The ResNet18 model results in a 512 dimension feature vector after the GAP layer in a ResNet18.

In [4]:
import torchvision.models as models
import torch
from torch import nn

CUDA_AVAILABLE = torch.cuda.is_available()

# Creating an example deep feature extractor to describe images
model = models.resnet18(pretrained=True)
model = nn.Sequential(*list(model.children())[:-1])
model = model.eval()

if CUDA_AVAILABLE:
    model = model.cuda()

# XAI Components <a name="XAI-Components-similarity"></a>
Here we will set up XAI components that comprise image perturbation and similarity-based saliency map generation.

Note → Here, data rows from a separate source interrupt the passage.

(* Let $L>0$, $\mathbb{T}=[0,L]$ with periodic boundary conditions, $N\ge1$, $D_i>0$, $h_{ij}\in\mathbb{R}$, and $K:\mathbb{T}\to\mathbb{R}$, $K\ge0$, a zero-mean probability density that is twice differentiable with $K'\in L^\infty(\mathbb{T})$. Let $u_0\in C^2(\mathbb{T})^N$ with $u_0(x)>0$ for all $x\in\mathbb{T}$, and let $u$ be the unique solution of \[ \partial_tu_i=D_i\partial_x^2u_i-\partial_x\Big[u_i\,\partial_x\sum_{j=1}^Nh_{ij}(K\ast u_j)\Big],\quad i=1,\dots,N,\qquad u(\cdot,0)=u_0, \] which satisfies $u\in C^1((0,T_* ),L^2(\mathbb{T}))^N\cap C^0([0,T_* ),C^2(\mathbb{T}))^N$, where $T_*=\infty$ if $\|u(t)\|_{L^1}$ is bounded for all time and otherwise $T_*$ is the earliest time at which $\|u(t)\|_{L^1}=2\|u_0\|_{L^1}$. Then $T_*=\infty$, i.e. the solution is global in time.
   Context: $(K\ast f)(x)=\int_0^LK(x-y)f(y)\,dy$ with periodic extension; for vector-valued $g$, $\|g\|_{L^1}=\sum_i\|g_i\|_{L^1}$. *)

theory Defs
  imports "HOL-Analysis.Analysis"
begin

text \<open>Periodic convolution on the torus [0,L]: (K * f)(x) = int_0^L K(x-y) f(y) dy,
  where K is given as an L-periodic function on the real line.\<close>
definition conv_per :: "real \<Rightarrow> (real \<Rightarrow> real) \<Rightarrow> (real \<Rightarrow> real) \<Rightarrow> real \<Rightarrow> real" where
  "conv_per L K f x = integral {0..L} (\<lambda>y. K (x - y) * f y)"

definition L1vec :: "nat \<Rightarrow> real \<Rightarrow> (nat \<Rightarrow> real \<Rightarrow> real) \<Rightarrow> real" where
  "L1vec N L g = (\<Sum>i<N. integral {0..L} (\<lambda>x. \<bar>g i x\<bar>))"

definition rhs :: "nat \<Rightarrow> real \<Rightarrow> (nat \<Rightarrow> real) \<Rightarrow> (nat \<Rightarrow> nat \<Rightarrow> real) \<Rightarrow> (real \<Rightarrow> real)
    \<Rightarrow> (nat \<Rightarrow> real \<Rightarrow> real) \<Rightarrow> nat \<Rightarrow> real \<Rightarrow> real" where
  "rhs N L D h K v i x =
     D i * deriv (deriv (v i)) x
     - deriv (\<lambda>y. v i y * deriv (\<lambda>z. \<Sum>j<N. h i j * conv_per L K (v j) z) y) x"

end

theory Submission
  imports Defs
begin

text \<open>Each mass int u_i is conserved: the right-hand side of the i-th equation is the
  x-derivative of the periodic flux D_i u_i' - u_i W_i', where W_i = sum_j h_ij (K * u_j), so its
  integral over a period vanishes. Each u_i also stays nonnegative, by a minimum principle for the
  nondivergence form u_t = D_i u'' - W_i' u' - W_i'' u, in which W_i'' is bounded on compact time
  intervals. Hence ||u(t)||_1 = ||u_0||_1 > 0 for every t < T_*, so the L^1 norm never reaches
  2 ||u_0||_1 and T_* is infinite.\<close>

lemma periodic_shift_int:
  fixes f :: "real \<Rightarrow> 'a"
  assumes per: "\<forall>x. f (x + L) = f x"
  shows "f (x + of_int n * L) = f x"
proof -
  have "\<forall>x. f (x + of_int n * L) = f x"
  proof (induction n rule: int_induct[where k = 0])
    case (step1 i)
    show ?case
    proof
      fix x
      have "f (x + of_int (i + 1) * L) = f ((x + L) + of_int i * L)" by (simp add: algebra_simps)
      also have "\<dots> = f x" using step1(2) per by simp
      finally show "f (x + of_int (i + 1) * L) = f x" .
    qed
  next
    case (step2 i)
    show ?case
    proof
      fix x
      have "f (x + of_int (i - 1) * L) = f (x + of_int (i - 1) * L + L)" using per by simp
      also have "\<dots> = f x" using step2(2) by (simp add: algebra_simps)
      finally show "f (x + of_int (i - 1) * L) = f x" .
    qed
  qed simp
  then show ?thesis by blast
qed

lemma periodic_value_in_period:
  fixes f :: "real \<Rightarrow> 'a"
  assumes "L > 0" and "\<forall>x. f (x + L) = f x"
  obtains y where "y \<in> {0..L}" and "f x = f y"
proof
  define n where "n = \<lfloor>x / L\<rfloor>"
  have "of_int n \<le> x / L" "x / L < of_int n + 1" unfolding n_def by linarith+
  with \<open>L > 0\<close> show "x - of_int n * L \<in> {0..L}" by (simp add: field_simps)
  show "f x = f (x - of_int n * L)"
    using periodic_shift_int[OF assms(2), of "x - of_int n * L" n] by simp
qed

lemma periodic_derivative:
  assumes "\<forall>x. f (x + L) = f x" and "\<And>x. (f has_real_derivative f' x) (at x)"
  shows "f' (x + L) = f' x"
proof -
  have "((\<lambda>x. x + L) has_real_derivative 1) (at x)" by (auto intro!: derivative_eq_intros)
  from DERIV_chain2[OF assms(2) this]
  have "((\<lambda>x. f (x + L)) has_real_derivative f' (x + L)) (at x)" by simp
  moreover have "(\<lambda>x. f (x + L)) = f" using assms(1) by auto
  ultimately show ?thesis using assms(2) DERIV_unique by metis
qed

lemma global_min_second_derivative_nonneg:
  fixes f f' :: "real \<Rightarrow> real"
  assumes f': "\<And>x. (f has_real_derivative f' x) (at x)"
    and f'': "(f' has_real_derivative f'') (at x0)"
    and min: "\<And>x. f x0 \<le> f x"
  shows "f' x0 = 0" and "f'' \<ge> 0"
proof -
  show "f' x0 = 0" using DERIV_local_min[OF f', of 1] min by auto
  show "f'' \<ge> 0"
  proof (rule ccontr)
    assume "\<not> f'' \<ge> 0"
    then obtain e where e: "e > 0" "\<And>h. 0 < h \<Longrightarrow> h < e \<Longrightarrow> f' (x0 + h) < f' x0"
      using DERIV_neg_dec_right[OF f''] by force
    obtain z where z: "x0 < z" "z < x0 + e/2" "f (x0 + e/2) - f x0 = (x0 + e/2 - x0) * f' z"
      using MVT2[of x0 "x0 + e/2" f f'] f' e by auto
    have "f' z < 0" using e(2)[of "z - x0"] z \<open>f' x0 = 0\<close> by simp
    then have "(x0 + e/2 - x0) * f' z < 0" using e(1) by (simp add: mult_pos_neg)
    then have "f (x0 + e/2) < f x0" using z(3) by linarith
    with min show False by (meson not_le)
  qed
qed

section \<open>Periodic convolution and the interaction potential\<close>

lemma continuous_on_slice:
  assumes "continuous_on (S \<times> T) (\<lambda>(s, x). f s x)" and "s \<in> S"
  shows "continuous_on T (f s)"
proof -
  have "continuous_on T ((\<lambda>(s, x). f s x) \<circ> Pair s)"
    by (rule continuous_on_compose[OF _ continuous_on_subset[OF assms(1)]])
      (use assms(2) in \<open>auto intro!: continuous_intros\<close>)
  then show ?thesis by (simp add: comp_def)
qed

lemma conv_per_periodic:
  assumes "\<forall>x. K (x + L) = K x"
  shows "conv_per L K f (x + L) = conv_per L K f x"
proof -
  have "K (x + L - y) = K (x - y)" for y using assms by (metis add_diff_eq diff_add_eq)
  then show ?thesis unfolding conv_per_def by simp
qed

lemma continuous_on_reflect_shift:
  fixes K :: "real \<Rightarrow> real"
  assumes "continuous_on UNIV K"
  shows "continuous_on A (\<lambda>y. K (x - y))"
  by (rule continuous_on_compose2[OF assms]) (auto intro!: continuous_intros)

We will start with the sliding-window perturbation method and the similarity-based saliency map generation method.

In [5]:
from xaitk_saliency.impls.perturb_image.sliding_window import SlidingWindow
from xaitk_saliency.impls.gen_descriptor_sim_sal.similarity_scoring import SimilarityScoring

# Constructing xaitk implementations for SimilarityBased Saliency generation with
# sliding windows based perturbers.
slid_algo = SlidingWindow(window_size=(40, 40), stride=(15, 15))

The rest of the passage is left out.